(Dataset entries)
####

(* Consider a Gaussian linear concentration model on a subspace $L\subseteq\mathrm{Sym}(p)$ with $I_p\in L$, and let $W$ be a positive semidefinite matrix (e.g. $W=n^{-1}\sum_ix^i(x^i)^\top$). If the score matching equation $\Pi_L(K\circ W)=I_p$ has a unique solution $K\in L$ (equivalently, the linear map $K\mapsto\Pi_L(K\circ W)$ on $L$ has trivial kernel), then the maximum likelihood estimate exists, i.e. $\ell(K)=\log\det K-\operatorname{tr}(KW)$ attains its maximum on $L\cap\mathrm{Sym}_+(p)$.
   Context: $\mathrm{Sym}(p)$: real symmetric $p\times p$ matrices with trace inner product; $\mathrm{Sym}_+(p)$: positive definite elements; $\Pi_L$: orthogonal projection onto $L$; $A\circ B=(AB^\top+BA^\top)/2$. The model is $\{N_p(0,K^{-1}):K\in L\cap\mathrm{Sym}_+(p)\}$. *)

theory Defs
  imports "HOL-Analysis.Analysis"
begin

type_synonym 'n mat = "real^'n^'n"

definition Sym :: "'n::finite mat set" where
  "Sym = {A. transpose A = A}"

definition pos_def :: "'n::finite mat \<Rightarrow> bool" where
  "pos_def A \<longleftrightarrow> transpose A = A \<and> (\<forall>x. x \<noteq> 0 \<longrightarrow> x \<bullet> (A *v x) > 0)"

definition Sym_plus :: "'n::finite mat set" where
  "Sym_plus = {A. pos_def A}"

definition pos_semidef :: "'n::finite mat \<Rightarrow> bool" where
  "pos_semidef A \<longleftrightarrow> transpose A = A \<and> (\<forall>x. x \<bullet> (A *v x) \<ge> 0)"

definition tr_inner :: "'n::finite mat \<Rightarrow> 'n mat \<Rightarrow> real" where
  "tr_inner A B = trace (A ** transpose B)"

definition proj :: "'n::finite mat set \<Rightarrow> 'n mat \<Rightarrow> 'n mat" where
  "proj L X = (THE Y. Y \<in> L \<and> (\<forall>Z\<in>L. tr_inner (X - Y) Z = 0))"

definition circ_prod :: "'n::finite mat \<Rightarrow> 'n mat \<Rightarrow> 'n mat" where
  "circ_prod A B = (1/2) *\<^sub>R (A ** transpose B + B ** transpose A)"

definition loglik :: "'n::finite mat \<Rightarrow> 'n mat \<Rightarrow> real" where
  "loglik W K = ln (det K) - trace (K ** W)"

end

theory Submission
  imports Defs
begin

text \<open>
  If a nonzero positive semidefinite \<open>K \<in> L\<close> had \<open>tr (K W) = 0\<close>, then \<open>K W = 0\<close> (write \<open>W\<close> as a
  sum of rank-one matrices \<open>u u\<^sup>T\<close>: each term \<open>u\<^sup>T K u\<close> must vanish, so \<open>K u = 0\<close>), hence
  \<open>K \<circ> W = 0\<close> and with any solution \<open>K\<^sub>1\<close> of the score matching equation also \<open>K\<^sub>1 + K\<close>
  would solve it.
  So \<open>K \<mapsto> tr (K W)\<close> is positive on the nonzero part of the closed cone
  \<open>L \<inter> Sym\<^sub>\<ge>(p)\<close>, and by compactness of its unit sphere \<open>tr (K W) \<ge> c \<parallel>K\<parallel>\<close> there.
  As \<open>log det K\<close> grows only logarithmically in \<open>\<parallel>K\<parallel>\<close>, the superlevel set
  \<open>{\<ell> \<ge> \<ell>(I)}\<close> is bounded; it is also closed, since \<open>det\<close> stays bounded away from \<open>0\<close> on it.
  A maximiser of \<open>\<ell>\<close> on this compact set is the MLE.
\<close>

definition outer :: "real^'n::finite \<Rightarrow> real^'n \<Rightarrow> real^'n^'n" where
  "outer u v = (\<chi> j k. u$j * v$k)"

lemma outer_0_left [simp]: "outer 0 v = 0"
  by (simp add: vec_eq_iff outer_def)

lemma matrix_mult_outer: "(A::real^'n::finite^'n) ** outer u v = outer (A *v u) v"
  by (simp add: vec_eq_iff outer_def matrix_matrix_mult_def matrix_vector_mult_def
      sum_distrib_right mult.assoc)

lemma trace_outer: "trace (outer u v) = u \<bullet> v"
  by (simp add: trace_def outer_def inner_vec_def)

####

The string "loglik" appears on some lines of the data above; report how many such lines there are, as a bare number.

## Output below
2